Catholic News Service photo
A federal police officer mans a weapon atop a vehicle in the Mexican state of Michoacan Oct. 28. Some at St. James the Apostle Parish in a rural pocket of Michoacan formed self-defense groups earlier this year to protect themselves from extortion attempt s and attacks by organized criminal groups.
Catholic News Service


MEXICO CITY — Some at St. James the Apostle Parish formed self-defense groups earlier this year to protect themselves from extortion attempts and attacks by organized criminal groups in a rural pocket of Mexico's western Michoacan state. Others from the region known as Tierra Caliente fled to the United States, said Father Andres Larios, pastor at St. James in Coalcoman.

Many more, however, feel trapped, including Father Larios, who has not left Coalcoman in months.

"It's almost as if we're in a sort of civil war," he said of the state of affairs in Michoacan.

In an open letter in mid-October, his superior, Bishop Miguel Patino Velazquez of Apatzingan, called Michoacan "a failed state," and said "criminal groups contest it ... as if it were a jackpot."

Violence once again flared in Michoacan as criminal groups attacked 18 substations and installations operated by the Federal Electricity Commission Oct. 27, leaving more than 400,000 customers in the dark.

The violence plunged the state deeper into crisis as multiple drug cartels -- most notorious among them, the Knights Templar -- battle for control of criminal proceeds in a state appearing increasingly ungovernable. Their alleged crimes range from making methamphetamines to extorting avocado growers to taxing each ton of iron ore mined in the state and shipped overseas.

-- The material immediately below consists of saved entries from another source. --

(* Let $q$ be a prime power. Every outcome of the random graph $H_q^*$ is $K_4$-free.
   Context: $\mathcal H$ is the Hermitian unital $\{\langle x,y,z\rangle : x^{q+1}+y^{q+1}+z^{q+1}=0\}$ in the projective plane $\mathrm{PG}(2,q^2)$ (it has $q^3+1$ points and every line meets it in $1$ or $q+1$ points; lines meeting it in $q+1$ points are secants). $H_q$ is the graph on the set of secants, two distinct secants adjacent iff they meet in a point of $\mathcal H$. For $P\in\mathcal H$, $C_P$ is the set of secants through $P$ and $\mathcal C=\{C_P:P\in\mathcal H\}$. The random graph $H_q^*$ on vertex set $V(H_q)$ is defined as follows: for each $C\in\mathcal C$, independently over cliques and vertices, each vertex of $C$ is placed in $A_C$ or $B_C$ with probability $1/2$ each; $H_q^*$ is the union over $C\in\mathcal C$ of the complete bipartite graphs with parts $A_C$ and $B_C$. *)

theory Defs
  imports "HOL-Number_Theory.Number_Theory" "HOL-Library.Cardinality"
begin

type_synonym 'a vec3 = "'a \<times> 'a \<times> 'a"

definition pt :: "'a::field vec3 \<Rightarrow> 'a vec3 set" where
  "pt v = {(c * fst v, c * fst (snd v), c * snd (snd v)) | c. c \<noteq> 0}"

definition PG2 :: "'a::field vec3 set set" where
  "PG2 = {pt v | v. v \<noteq> (0, 0, 0)}"
lemma theta7_minus: "theta7 (- c) \<tau> = theta7 c \<tau>"
proof -
  have t: "theta7_term (- c) \<tau> n = theta7_term c \<tau> (- n)" for n
  proof -
    have "of_real pi * \<i> * of_int n + 7 * of_real pi * \<i> * \<tau> * (of_int n - - c)^2
        = (of_real pi * \<i> * of_int (- n) + 7 * of_real pi * \<i> * \<tau> * (of_int (- n) - c)^2)
          + 2 * of_real pi * \<i> * of_int n"
      by (simp add: algebra_simps power2_eq_square)
    then show ?thesis unfolding theta7_term_def by (simp only: exp_add exp_2pi_i_of_int mult_1_right)
  qed
  have "theta7_term (- c) \<tau> = (\<lambda>n. theta7_term c \<tau> (- n))" by (rule ext) (rule t)
  then show ?thesis
    unfolding theta7_def by (simp add: infsum_int_uminus)
qed

lemma theta7_one_minus: "theta7 (1 - c) \<tau> = - theta7 c \<tau>"
proof -
  have t: "theta7_term (1 - c) \<tau> (1 - n) = - theta7_term c \<tau> n" for n
  proof -
    have "of_real pi * \<i> * of_int (1 - n) + 7 * of_real pi * \<i> * \<tau> * (of_int (1 - n) - (1 - c))^2
        = of_real pi * \<i> + (of_real pi * \<i> * of_int n + 7 * of_real pi * \<i> * \<tau> * (of_int n - c)^2)
          + 2 * of_real pi * \<i> * of_int (- n)"
      by (simp add: algebra_simps power2_eq_square)
    then show ?thesis unfolding theta7_term_def by (simp only: exp_add exp_2pi_i_of_int mult_1_right exp_pi_i) simp
  qed
  have "theta7 (1 - c) \<tau> = infsum (\<lambda>n. theta7_term (1 - c) \<tau> (1 - n)) UNIV"
    using infsum_int_shift[of "\<lambda>n. theta7_term (1 - c) \<tau> (- n)" "-1"]
    unfolding theta7_def infsum_int_uminus by simp
  also have "\<dots> = infsum (\<lambda>n. - theta7_term c \<tau> n) UNIV" by (simp only: t)
  also have "\<dots> = - theta7 c \<tau>" unfolding theta7_def by (rule infsum_uminus)
  finally show ?thesis .
qed

lemma theta7_inversion_sum:
  assumes "Im \<tau> > 0"
  obtains C where "\<And>j. theta7 (of_real ((2 * real j + 1) / 14)) (- 1 / \<tau>)
     = C * (\<Sum>r<7. xi ^ ((2*j+1)*(2*r+1)) * theta7 (of_real (- (2 * real r + 1) / 14)) \<tau>)"
proof -
  obtain C where C: "\<And>c. theta7 c (- 1 / \<tau>) = C * infsum (theta7_inv_term c \<tau>) UNIV"
    and summable: "\<And>c. theta7_inv_term c \<tau> summable_on UNIV"
    using theta7_inversion_series[OF assms] by blast
  have dissect: "infsum (theta7_inv_term (of_real ((2 * real j + 1) / 14)) \<tau>) UNIV
     = (\<Sum>r<7. xi ^ ((2*j+1)*(2*r+1)) * theta7 (of_real (- (2 * real r + 1) / 14)) \<tau>)" for j
  proof -
    have "infsum (theta7_inv_term (of_real ((2 * real j + 1) / 14)) \<tau>) UNIV
      = (\<Sum>r<7. infsum (\<lambda>k. theta7_inv_term (of_real ((2 * real j + 1) / 14)) \<tau> (7 * k + int r)) UNIV)"
      using infsum_int_residue_classes[OF summable, of 7] by simp
    also have "\<dots> = (\<Sum>r<7. infsum (\<lambda>k. xi ^ ((2*j+1)*(2*r+1))
        * theta7_term (of_real (- (2 * real r + 1) / 14)) \<tau> k) UNIV)"
      by (simp only: theta7_inv_term_dissect)
    finally show ?thesis
      unfolding theta7_def by (simp only: infsum_cmult_right')
  qed
  show ?thesis
    by (rule that[of C]) (simp only: C dissect)
qed

lemma xi_pow_14: "xi ^ 14 = -1"
proof -
  have "xi ^ 14 = exp (of_nat 14 * (of_real pi * \<i> / 14))" unfolding xi_def by (rule exp_of_nat_mult[symmetric])
  also have "of_nat 14 * (of_real pi * \<i> / 14) = of_real pi * \<i>" by simp
  finally show ?thesis by simp
qed

lemma zeta7_eq_xi: "zeta7 = xi ^ 4"
proof -
  have "xi ^ 4 = exp (of_nat 4 * (of_real pi * \<i> / 14))" unfolding xi_def by (rule exp_of_nat_mult[symmetric])
  also have "of_nat 4 * (of_real pi * \<i> / 14) = 2 * of_real pi * \<i> / 7" by simp
  finally show ?thesis by (simp add: zeta7_def)
qed

lemma xi_pow_28: "xi ^ 28 = 1"
proof -
  have "xi ^ 28 = (xi ^ 14) ^ 2" by (simp add: power_mult[symmetric])
  then show ?thesis by (simp add: xi_pow_14)
qed

lemma inverse_zeta7_eq_xi: "inverse zeta7 = xi ^ 24"
proof -
  have "xi ^ 4 * xi ^ 24 = 1" using xi_pow_28 by (simp add: power_add[symmetric])
  then show ?thesis unfolding zeta7_eq_xi by (simp add: inverse_unique)
qed

lemma eta7_1_eq_xi: "eta7 1 = xi ^ 4 + xi ^ 24"
  unfolding eta7_def power_one_right inverse_zeta7_eq_xi unfolding zeta7_eq_xi ..

lemma eta7_3_eq_xi: "eta7 3 = xi ^ 12 + xi ^ 16"
proof -
  have "(xi ^ 24) ^ 3 = xi ^ 16"
  proof -
    have "(xi ^ 24) ^ 3 = xi ^ 28 * xi ^ 28 * xi ^ 16" by (simp add: power_mult[symmetric] power_add[symmetric])
    then show ?thesis by (simp add: xi_pow_28)
  qed
  moreover have "zeta7 ^ 3 = xi ^ 12" by (simp add: zeta7_eq_xi power_mult[symmetric])
  ultimately show ?thesis by (simp add: eta7_def inverse_zeta7_eq_xi)
qed

lemma eps1_eq_xi: "eps1 = 1 + xi ^ 4 + xi ^ 24"
  unfolding eps1_def eta7_1_eq_xi by simp

lemma zeta7_neq_1: "zeta7 \<noteq> 1"
proof
  assume "zeta7 = 1"
  then have "exp (2 * of_real pi * \<i> / 7) = 1" by (simp add: zeta7_def)
  then obtain n :: int where "Im (2 * of_real pi * \<i> / 7) = of_int (2 * n) * pi"
    unfolding exp_eq_1 by blast
  then have "2 * pi / 7 = 2 * of_int n * pi" by simp
  then have "1 = 7 * (of_int n :: real)" by (simp add: field_simps)
  then have "(1::int) = 7 * n" by linarith
  then show False by presburger
qed

lemma sum_xi_powers: "1 + xi ^ 4 + xi ^ 8 + xi ^ 12 + xi ^ 16 + xi ^ 20 + xi ^ 24 = 0"
proof -
  have z7: "(xi ^ 4) ^ 7 = 1" using xi_pow_28 by (simp add: power_mult[symmetric])
  have "(xi ^ 4 - 1) * (1 + xi ^ 4 + xi ^ 8 + xi ^ 12 + xi ^ 16 + xi ^ 20 + xi ^ 24) = (xi ^ 4) ^ 7 - 1"
    by (simp add: algebra_simps power_mult[symmetric] power_add[symmetric])
  also have "\<dots> = 0" using z7 by simp
  finally show ?thesis using zeta7_neq_1 unfolding zeta7_eq_xi by simp
qed

lemma eps1_square: "eps1^2 = eps1 + 1 - eta7 3"
  unfolding eps1_eq_xi eta7_3_eq_xi using sum_xi_powers xi_pow_14 by algebra

lemma xi_power_differences:
  shows "xi - xi ^ 13 = eps1 * (xi ^ 5 - xi ^ 9)"
    and "xi ^ 3 - xi ^ 11 = - eta7 3 * (xi ^ 5 - xi ^ 9)"
    and "xi ^ 3 - xi ^ 39 = - eta7 3 * (xi ^ 5 - xi ^ 9)"
    and "xi ^ 9 - xi ^ 33 = - (xi ^ 5 - xi ^ 9)"
    and "xi ^ 15 - xi ^ 27 = - eps1 * (xi ^ 5 - xi ^ 9)"
    and "xi ^ 5 - xi ^ 65 = xi ^ 5 - xi ^ 9"
    and "xi ^ 15 - xi ^ 55 = - eps1 * (xi ^ 5 - xi ^ 9)"
    and "xi ^ 25 - xi ^ 45 = - eta7 3 * (xi ^ 5 - xi ^ 9)"
  unfolding eps1_eq_xi eta7_3_eq_xi using xi_pow_14 by algebra+
(* Let $\mathbb{F}$ be a field of characteristic zero and $n\le m$ natural numbers. Then $W_{n,m}=\mathrm{span}_{\mathbb{F}}\{P_O: O\in\Omega_{n,m}\}$.
   Context: $\mathbb{F}\langle X\rangle$ is the free non-unitary associative algebra on $X=\{x_1,x_2,\dots\}$; $(x^n)^T$ is the smallest ideal containing $x^n$ invariant under all algebra endomorphisms; $V_m$ is the space of multilinear polynomials of degree $m$ in $x_1,\dots,x_m$; $W_{n,m}:=V_m\cap(x^n)^T$. An ordered partition of $[m]=\{1,\dots,m\}$ into $n$ parts is a set $O=\{A_1,\dots,A_n\}$ of nonempty ordered lists $A_i$ of elements of $[m]$ whose underlying sets are pairwise disjoint with union $[m]$; $\Omega_{n,m}$ is the set of these. For a list $A=[\![ab\cdots c]\!]$, $x_A:=x_ax_b\cdots x_c$, and $P_O:=\sum_{\sigma\in S_n}x_{A_{\sigma(1)}}\cdots x_{A_{\sigma(n)}}$. *)

theory Defs
  imports Main
begin

text \<open>Elements of the free non-unitary associative algebra F<X>, X = {x_1, x_2, ...},
  are represented by their coefficient functions on words: a word is a list of
  positive variable indices; the empty word and words containing index 0 get
  coefficient 0; the support is finite.\<close>

type_synonym 'a ncpoly = "nat list \<Rightarrow> 'a"

definition ncpolys :: "('a::field) ncpoly set" where
  "ncpolys = {p. finite {w. p w \<noteq> 0} \<and> (\<forall>w. p w \<noteq> 0 \<longrightarrow> w \<noteq> [] \<and> 0 \<notin> set w)}"

definition nczero :: "('a::field) ncpoly" where "nczero = (\<lambda>w. 0)"
definition ncadd :: "('a::field) ncpoly \<Rightarrow> 'a ncpoly \<Rightarrow> 'a ncpoly" where
  "ncadd p q = (\<lambda>w. p w + q w)"
definition ncscale :: "'a::field \<Rightarrow> 'a ncpoly \<Rightarrow> 'a ncpoly" where
  "ncscale c p = (\<lambda>w. c * p w)"
definition ncmult :: "('a::field) ncpoly \<Rightarrow> 'a ncpoly \<Rightarrow> 'a ncpoly" where
  "ncmult p q = (\<lambda>w. \<Sum>k\<le>length w. p (take k w) * q (drop k w))"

The situation has created concern for Catholic officials, who have called on the state and federal governments to take action and promised to continue tending to the needs of those impacted by crime.

"In (our) communities we hear real dramas daily from persons and families who live in fear and desperation," wrote Archbishop Alberto Suarez Inda of Morelia, capital of Michoacan, in an Oct. 27 open letter to state Gov. Fausto Vallejo Figueroa.

"We commit ourselves to continue collaborating in (providing) pastoral attention to victims of violence and in the reconstruction of the social fabric, favoring a culture of respect for the rule of law and peace," the Mexican bishops' conference said in an Oct. 27 statement signed by the conference president, Cardinal Francisco Robles Ortega of Guadalajara, and vice president, Auxiliary Bishop Eugenio Lira Rugarcia of Puebla.

Michoacan was where former President Felipe Calderon first sent soldiers in December 2006 as part of an organized crime crackdown that has claimed more than 70,000 lives. Calderon left office last December, but the new administration of President Enrique Pena Nieto also has had to focus on security in Michoacan.

Bishop Patino painted a bleak picture in his open letter.

"Forced abductions, kidnaps, killings, extortions ... have increased, and entire families have had to emigrate," he wrote.

"Municipal governments and the police are subordinate and in collusion with criminals, and the rumor increasingly grows that the state government is at the service of organized crime," the bishop said.

Self-defense groups have subsequently surged, leading to government allegations of organized criminal groups being behind them. Father Larios disagreed.

"Where there are self-defense groups," he said, "crime has stopped."